**Supplied data:**

lemma rainbow_size_le_complexity:
  assumes R: "rainbow n R"
  shows "rainbow_size n R \<le> complexity G"
proof -
  let ?S = "rainbow_arrows G p n R"
  let ?T = "generated_ts G ?S"
  have ts: "transfer_system G ?T"
    using comm_group.transfer_system_generated_ts[OF comm_group rainbow_arrows_subset] .
  have fin_arrows: "finite (arrows G)"
    using finite_arrows[OF finite_carrier] .
  have "{card S | S. min_gen_set G ?T S} \<subseteq> card ` Pow (arrows G)"
    using transfer_system_subset_arrows[OF ts] by (auto simp: min_gen_set_def)
  then have "finite {card S | S. min_gen_set G ?T S}"
    using fin_arrows finite_subset by blast
  then have "card ?S \<le> mfrak G ?T"
    unfolding mfrak_def by (rule Max_ge) (use min_gen_set_rainbow_arrows[OF R] in blast)
  moreover have "{mfrak G T | T. transfer_system G T} \<subseteq> mfrak G ` Pow (arrows G)"
    using transfer_system_subset_arrows by blast
  then have "finite {mfrak G T | T. transfer_system G T}"
    using fin_arrows finite_subset by blast
  then have "mfrak G ?T \<le> complexity G"
    unfolding complexity_def by (rule Max_ge) (use ts in blast)
  ultimately show ?thesis
    using card_rainbow_arrows[OF R] by simp
qed

end

theorem theorem5p14:
  fixes G :: "('a, 'b) monoid_scheme" and n :: nat and p :: "nat \<Rightarrow> nat"
  assumes "group G" and "finite (carrier G)" and "cyclic_group G"
    and "n \<ge> 1" and "\<forall>i<n. prime (p i)" and "inj_on p {..<n}"
    and "card (carrier G) = (\<Prod>i<n. p i)"
  shows "complexity G \<ge> rainbow_bound n
    \<and> rainbow_bound n = Max (rainbow_size n ` {R. rainbow n R})
    \<and> (odd n \<longrightarrow>
         rainbow n (complete_rainbow n)
       \<and> rainbow_size n (complete_rainbow n) = rainbow_bound n
       \<and> rainbow_attains G p n (complete_rainbow n))
    \<and> (even n \<and> n \<ge> 8 \<longrightarrow>
         rainbow n (rainbow_R n (n div 2))
       \<and> rainbow_size n (rainbow_R n (n div 2)) = rainbow_bound n
       \<and> rainbow_attains G p n (rainbow_R n (n div 2))
       \<and> (\<forall>R. rainbow n R \<and> rainbow_size n R = rainbow_bound n \<longrightarrow> R = rainbow_R n (n div 2)))
    \<and> (n \<in> {2, 4, 6} \<longrightarrow>
         (\<forall>x \<in> {0, n}.
            rainbow n (rainbow_R n x)
          \<and> rainbow_size n (rainbow_R n x) = rainbow_bound n
          \<and> rainbow_attains G p n (rainbow_R n x)))"
proof -
  interpret squarefree_cyclic_group G n p
    using assms by (simp add: squarefree_cyclic_group_def squarefree_cyclic_group_axioms_def
        finite_cyclic_group_def finite_cyclic_group_axioms_def)
  obtain R\<^sub>0 where R\<^sub>0: "rainbow n R\<^sub>0" "rainbow_size n R\<^sub>0 = rainbow_bound n"
    using complete_rainbow_optimal[OF assms(4)] rainbow_R_end_optimal[of n 0]
    by (cases "n \<in> {2, 4, 6}") auto
  have "rainbow_bound n = Max (rainbow_size n ` {R. rainbow n R})"
  proof (rule sym, rule Max_eqI)
    show "finite (rainbow_size n ` {R. rainbow n R})"
      using finite_rainbows by simp
    show "rainbow_bound n \<in> rainbow_size n ` {R. rainbow n R}"
      using R\<^sub>0 by (auto intro: image_eqI[of _ _ R\<^sub>0])
  qed (use rainbow_size_le_bound[OF assms(4)] in auto)
  moreover have "rainbow_bound n \<le> complexity G"
    using rainbow_size_le_complexity[OF R\<^sub>0(1)] R\<^sub>0(2) by simp
  moreover have "rainbow n (complete_rainbow n)
      \<and> rainbow_size n (complete_rainbow n) = rainbow_bound n
      \<and> rainbow_attains G p n (complete_rainbow n)" if "n \<notin> {2, 4, 6}"
    using complete_rainbow_optimal[OF assms(4) that] rainbow_attains by blast
  moreover have "n \<notin> {2, 4, 6}" if "odd n \<or> 8 \<le> n"
    using that by auto
  moreover have "rainbow_R n (n div 2) = complete_rainbow n" if "even n" and "8 \<le> n"
    using that by (intro rainbow_R_half) auto
  ultimately show ?thesis
    using optimal_rainbow_unique rainbow_R_end_optimal rainbow_attains by auto
qed
(* Fix an integer $d\geq 2$ and $\theta\in\mathbb{R}$, and let $w=\frac{e^{id\theta}-de^{i\theta}}{d+1}$ with $|w|<1$. Let $z_0$ be the Denjoy–Wolff point of $B_w(z)=\left(\frac{z-w}{1-\overline{w}z}\right)^d$. Then $z_0=e^{id\theta}$.
   Context: $\mathbb{D}$ denotes the open unit disk. By the Denjoy–Wolff theorem, a finite Blaschke product $B$ of degree at least $2$ has a unique point $z_0\in\overline{\mathbb{D}}$, its Denjoy–Wolff point, such that $B^n(z)\to z_0$ for every $z\in\mathbb{D}$. *)

theory Defs
  imports "HOL-Analysis.Analysis"
begin

definition blaschke_pow :: "complex \<Rightarrow> nat \<Rightarrow> complex \<Rightarrow> complex" where
  "blaschke_pow w d z = ((z - w) / (1 - cnj w * z)) ^ d"

definition denjoy_wolff_point :: "(complex \<Rightarrow> complex) \<Rightarrow> complex" where
  "denjoy_wolff_point B =
     (THE z0. z0 \<in> cball 0 1 \<and> (\<forall>z\<in>ball 0 1. (\<lambda>n. (B ^^ n) z) \<longlonglongrightarrow> z0))"

end

theory Submission
  imports Defs
begin

text \<open>Put \<zeta> = exp(i\<theta>) and \<eta> = \<zeta>^d, so that B_w is the d-th power of the disk automorphism
  \<phi>(z) = (z - w)/(1 - conj(w) z), and measure the position of z relative to the boundary point \<eta> by
  the Julia quotient Q_\<eta>(z) = (1 - |z|^2)/|\<eta> - z|^2. For this particular w, \<phi> maps \<eta> to \<zeta> and
  multiplies Julia quotients by exactly d, while Lagrange's identity gives
  Q_\<eta>(u^d) \<ge> Q_\<zeta>(u)/d + (1 - |u|^2)/d^3 for the power map. Hence Q_\<eta> increases along every orbit
  by at least a fixed multiple of 1 - |z_n|^2 = |\<eta> - z_n|^2 Q_\<eta>(z_n): either Q_\<eta>(z_n) stays bounded
  and its increments vanish, or it diverges; in both cases |\<eta> - z_n| \<rightarrow> 0.\<close>

lemma sum_sum_norm_diff_square:
  fixes a :: "'i \<Rightarrow> 'a :: real_inner"
  shows "(\<Sum>i\<in>I. \<Sum>j\<in>I. (norm (a i - a j))\<^sup>2)
    = 2 * real (card I) * (\<Sum>i\<in>I. (norm (a i))\<^sup>2) - 2 * (norm (\<Sum>i\<in>I. a i))\<^sup>2"
proof -
  have "(\<Sum>i\<in>I. \<Sum>j\<in>I. (norm (a i - a j))\<^sup>2)
      = (\<Sum>i\<in>I. \<Sum>j\<in>I. (norm (a i))\<^sup>2 + (norm (a j))\<^sup>2 - 2 * inner (a i) (a j))"
    by (simp add: power2_norm_eq_inner inner_diff_left inner_diff_right inner_commute)
  also have "\<dots> = 2 * real (card I) * (\<Sum>i\<in>I. (norm (a i))\<^sup>2) - 2 * (\<Sum>i\<in>I. \<Sum>j\<in>I. inner (a i) (a j))"
    by (simp add: sum.distrib sum_subtractf sum_distrib_left sum_distrib_right mult.assoc)
  also have "(\<Sum>i\<in>I. \<Sum>j\<in>I. inner (a i) (a j)) = (norm (\<Sum>i\<in>I. a i))\<^sup>2"
    by (simp add: power2_norm_eq_inner inner_sum_left inner_sum_right) (rule sum.swap)
  finally show ?thesis .
qed

lemma norm_diff_square_le_card_sum:
  fixes a :: "'i \<Rightarrow> 'a :: real_inner"
  assumes "finite I" "i \<in> I" "j \<in> I" "i \<noteq> j"
  shows "(norm (a i - a j))\<^sup>2 \<le> real (card I) * (\<Sum>k\<in>I. (norm (a k))\<^sup>2) - (norm (\<Sum>k\<in>I. a k))\<^sup>2"
proof -
  have "(\<Sum>k\<in>{i,j}. (norm (a k - a (if k = i then j else i)))\<^sup>2)
      \<le> (\<Sum>k\<in>{i,j}. \<Sum>l\<in>I. (norm (a k - a l))\<^sup>2)"
    using assms by (intro sum_mono member_le_sum) auto
  also have "\<dots> \<le> (\<Sum>k\<in>I. \<Sum>l\<in>I. (norm (a k - a l))\<^sup>2)"
    using assms by (intro sum_mono2) (auto intro: sum_nonneg)
  finally show ?thesis
    using assms by (simp add: sum_sum_norm_diff_square norm_minus_commute)
qed

definition moebius :: "complex \<Rightarrow> complex \<Rightarrow> complex" where
  "moebius w z = (z - w) / (1 - cnj w * z)"

lemma blaschke_pow_eq_moebius_power: "blaschke_pow w d z = moebius w z ^ d"
  by (simp add: blaschke_pow_def moebius_def)

text \<open>Up to a constant, the Poisson kernel of the disk at \<eta>; its superlevel sets are the horodisks
  at \<eta>.\<close>
definition julia_quotient :: "complex \<Rightarrow> complex \<Rightarrow> real" where
  "julia_quotient \<eta> z = (1 - (norm z)\<^sup>2) / (norm (\<eta> - z))\<^sup>2"

lemma julia_quotient_pos:
  assumes "norm \<eta> = 1" "norm z < 1"
  shows "julia_quotient \<eta> z > 0"
proof -
  have "\<eta> \<noteq> z" using assms by auto
  with assms show ?thesis by (simp add: julia_quotient_def abs_square_less_1)
qed

lemma moebius_denom_nonzero:
  assumes "norm w < 1" "norm z \<le> 1"
  shows "1 - cnj w * z \<noteq> 0"
proof
  assume "1 - cnj w * z = 0"
  then have "norm (cnj w * z) = 1" by (simp add: right_minus_eq)
  moreover have "norm (cnj w * z) \<le> norm w"
    using assms(2) by (simp add: norm_mult mult_left_le)
  ultimately show False using assms(1) by simp
qed

lemma one_minus_norm_moebius_square:
  assumes "norm w < 1" "norm z \<le> 1"
  shows "1 - (norm (moebius w z))\<^sup>2 = (1 - (norm w)\<^sup>2) * (1 - (norm z)\<^sup>2) / (norm (1 - cnj w * z))\<^sup>2"
proof -
  have D: "1 - cnj w * z \<noteq> 0" using moebius_denom_nonzero[OF assms] .
  have "complex_of_real ((norm (1 - cnj w * z))\<^sup>2 - (norm (z - w))\<^sup>2)
      = complex_of_real ((1 - (norm w)\<^sup>2) * (1 - (norm z)\<^sup>2))"
    by (simp only: of_real_diff of_real_mult of_real_1 complex_norm_square) (simp add: algebra_simps)
  then have "(norm (1 - cnj w * z))\<^sup>2 - (norm (z - w))\<^sup>2 = (1 - (norm w)\<^sup>2) * (1 - (norm z)\<^sup>2)"
    using of_real_eq_iff by blast
  with D show ?thesis
    by (simp add: moebius_def norm_divide power_divide field_simps)
qed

**Work request:** Every line from the start of the listing through the line with "G \<ge> rainbow_bound n" should be reproduced exactly, and no other line.

**Answer space:**
lemma rainbow_size_le_complexity:
  assumes R: "rainbow n R"
  shows "rainbow_size n R \<le> complexity G"
proof -
  let ?S = "rainbow_arrows G p n R"
  let ?T = "generated_ts G ?S"
  have ts: "transfer_system G ?T"
    using comm_group.transfer_system_generated_ts[OF comm_group rainbow_arrows_subset] .
  have fin_arrows: "finite (arrows G)"
    using finite_arrows[OF finite_carrier] .
  have "{card S | S. min_gen_set G ?T S} \<subseteq> card ` Pow (arrows G)"
    using transfer_system_subset_arrows[OF ts] by (auto simp: min_gen_set_def)
  then have "finite {card S | S. min_gen_set G ?T S}"
    using fin_arrows finite_subset by blast
  then have "card ?S \<le> mfrak G ?T"
    unfolding mfrak_def by (rule Max_ge) (use min_gen_set_rainbow_arrows[OF R] in blast)
  moreover have "{mfrak G T | T. transfer_system G T} \<subseteq> mfrak G ` Pow (arrows G)"
    using transfer_system_subset_arrows by blast
  then have "finite {mfrak G T | T. transfer_system G T}"
    using fin_arrows finite_subset by blast
  then have "mfrak G ?T \<le> complexity G"
    unfolding complexity_def by (rule Max_ge) (use ts in blast)
  ultimately show ?thesis
    using card_rainbow_arrows[OF R] by simp
qed

end

theorem theorem5p14:
  fixes G :: "('a, 'b) monoid_scheme" and n :: nat and p :: "nat \<Rightarrow> nat"
  assumes "group G" and "finite (carrier G)" and "cyclic_group G"
    and "n \<ge> 1" and "\<forall>i<n. prime (p i)" and "inj_on p {..<n}"
    and "card (carrier G) = (\<Prod>i<n. p i)"
  shows "complexity G \<ge> rainbow_bound n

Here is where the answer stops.